EXERCISE REQUIREMENTS -> Where does the string "True" appear in the material? Copy each line that holds it.
(SOURCE INFORMATION Opens)
lemma chi_pow_rows_orthogonal:
  assumes "k < p" "k' < p"
  shows "(\<Sum>a\<in>A. chi p b a ^ k * cnj (chi p b a ^ k')) = (if k = k' then of_nat p else 0)"
proof (cases "k = k'")
  case True
  have "chi p b a ^ k * cnj (chi p b a ^ k) = 1" for a
    using p_pos by (intro mult_cnj_norm_1) (simp add: norm_power norm_chi)
  then show ?thesis using True by (simp add: bij_betw_same_card[OF \<tau>])
next
  case False
  define \<omega> where "\<omega> = unit_root p"
  define \<zeta> where "\<zeta> = unit_root (p ^ 2) ^ s"
  have "(\<Sum>a\<in>A. chi p b a ^ k * cnj (chi p b a ^ k'))
      = \<zeta> ^ k * cnj \<zeta> ^ k' * (\<Sum>a\<in>A. (\<omega> ^ k * cnj (\<omega> ^ k')) ^ \<tau> a)"
    by (simp add: \<omega>_def \<zeta>_def sum_distrib_left chi_coset power_mult_distrib mult_ac
        flip: power_mult cong: sum.cong)
  also have "(\<Sum>a\<in>A. (\<omega> ^ k * cnj (\<omega> ^ k')) ^ \<tau> a) = (\<Sum>t<p. (\<omega> ^ k * cnj (\<omega> ^ k')) ^ t)"
    using sum.reindex_bij_betw[OF \<tau>] by blast
  also have "\<dots> = 0"
    using sum_unit_root_pow_cnj[OF assms] False by (simp add: \<omega>_def)
  finally show ?thesis using False by simp
qed

lemma chi_pow_columns_orthogonal:
  assumes "a \<in> A" "a' \<in> A"
  shows "(\<Sum>k<p. chi p b a ^ k * cnj (chi p b a' ^ k)) = (if a = a' then of_nat p else 0)"
proof -
  have "(\<Sum>k<p. chi p b a ^ k * cnj (chi p b a' ^ k)) = (\<Sum>k<p. (chi p b a * cnj (chi p b a')) ^ k)"
    by (simp add: power_mult_distrib)
  also have "chi p b a * cnj (chi p b a') = unit_root p ^ \<tau> a * cnj (unit_root p ^ \<tau> a')"
    using assms mult_cnj_norm_1[OF norm_unit_root_pow[of "p ^ 2" s]]
    by (simp add: chi_coset mult_ac del: complex_cnj_power)
  also have "(\<Sum>k<p. (unit_root p ^ \<tau> a * cnj (unit_root p ^ \<tau> a')) ^ k)
      = (if \<tau> a = \<tau> a' then of_nat p else 0)"
    using \<tau> assms by (intro sum_unit_root_pow_cnj) (auto simp: bij_betw_def)
  also have "\<tau> a = \<tau> a' \<longleftrightarrow> a = a'"
    using \<tau> assms by (auto simp: bij_betw_def inj_on_def)
  finally show ?thesis .
qed

lemma spectral_if_pairing_coset: "spectral p A"
proof -
  have "finite A" using A finite_subset by (auto simp: Gset_def)
  define B where "B = (\<lambda>k. scaleG p k b) ` {..<p}"
  have inj: "inj_on (\<lambda>k. scaleG p k b) {..<p}"
  proof (rule inj_onI, rule ccontr)
    fix k k' assume "k \<in> {..<p}" "k' \<in> {..<p}" "scaleG p k b = scaleG p k' b" "k \<noteq> k'"
    then show False
      using chi_pow_rows_orthogonal[of k k'] chi_pow_rows_orthogonal[of k k] p_pos
      by (simp add: chi_scaleG[OF p_pos, symmetric])
  qed
  show ?thesis
    unfolding spectral_def
  proof (intro exI[of _ B] conjI ballI impI allI)
    show "B \<subseteq> Gset p" using p_pos by (auto simp: B_def scaleG_in_Gset)
  next
    fix x x' assume "x \<in> B" "x' \<in> B" "x \<noteq> x'"
    then show "(\<Sum>a\<in>A. chi p x a * cnj (chi p x' a)) = 0"
      using chi_pow_rows_orthogonal by (auto simp: B_def chi_scaleG[OF p_pos])
  next
    fix f :: "nat \<times> nat \<Rightarrow> complex"
    have "(\<Sum>x\<in>B. chi p x a * cnj (chi p x a')) = (if a = a' then of_nat p else 0)"
      if "a \<in> A" "a' \<in> A" for a a'
      using chi_pow_columns_orthogonal[OF that]
      by (simp add: B_def sum.reindex[OF inj] chi_scaleG[OF p_pos])
    then show "\<exists>c. \<forall>a\<in>A. f a = (\<Sum>x\<in>B. c x * chi p x a)"
      using \<open>finite A\<close> p_pos by (intro expansion_if_column_orthogonal) (auto simp: B_def)
  qed
qed

end

theorem proposition5p3:
  fixes p :: nat and A :: "(nat \<times> nat) set"
  assumes "prime p"
    and "A \<subseteq> Gset p"
    and "card A = p"
    and "zeroset p A \<noteq> {}"
  shows "tile p A \<and> spectral p A"
proof -
  obtain b where "b \<in> zeroset p A" using assms(4) by blast
  then obtain s \<tau> where "s < p" "bij_betw \<tau> A {..<p}" "\<And>a. a \<in> A \<Longrightarrow> pairing p b a = s + p * \<tau> a"
    using pairing_coset_if_in_zeroset[OF assms(1-3)] by blast
  then show ?thesis
    using tile_if_pairing_coset spectral_if_pairing_coset assms(2) by blast
qed

end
(SOURCE INFORMATION Closes)
EXPECTED ANSWER ->
  case True
  then show ?thesis using True by (simp add: bij_betw_same_card[OF \<tau>])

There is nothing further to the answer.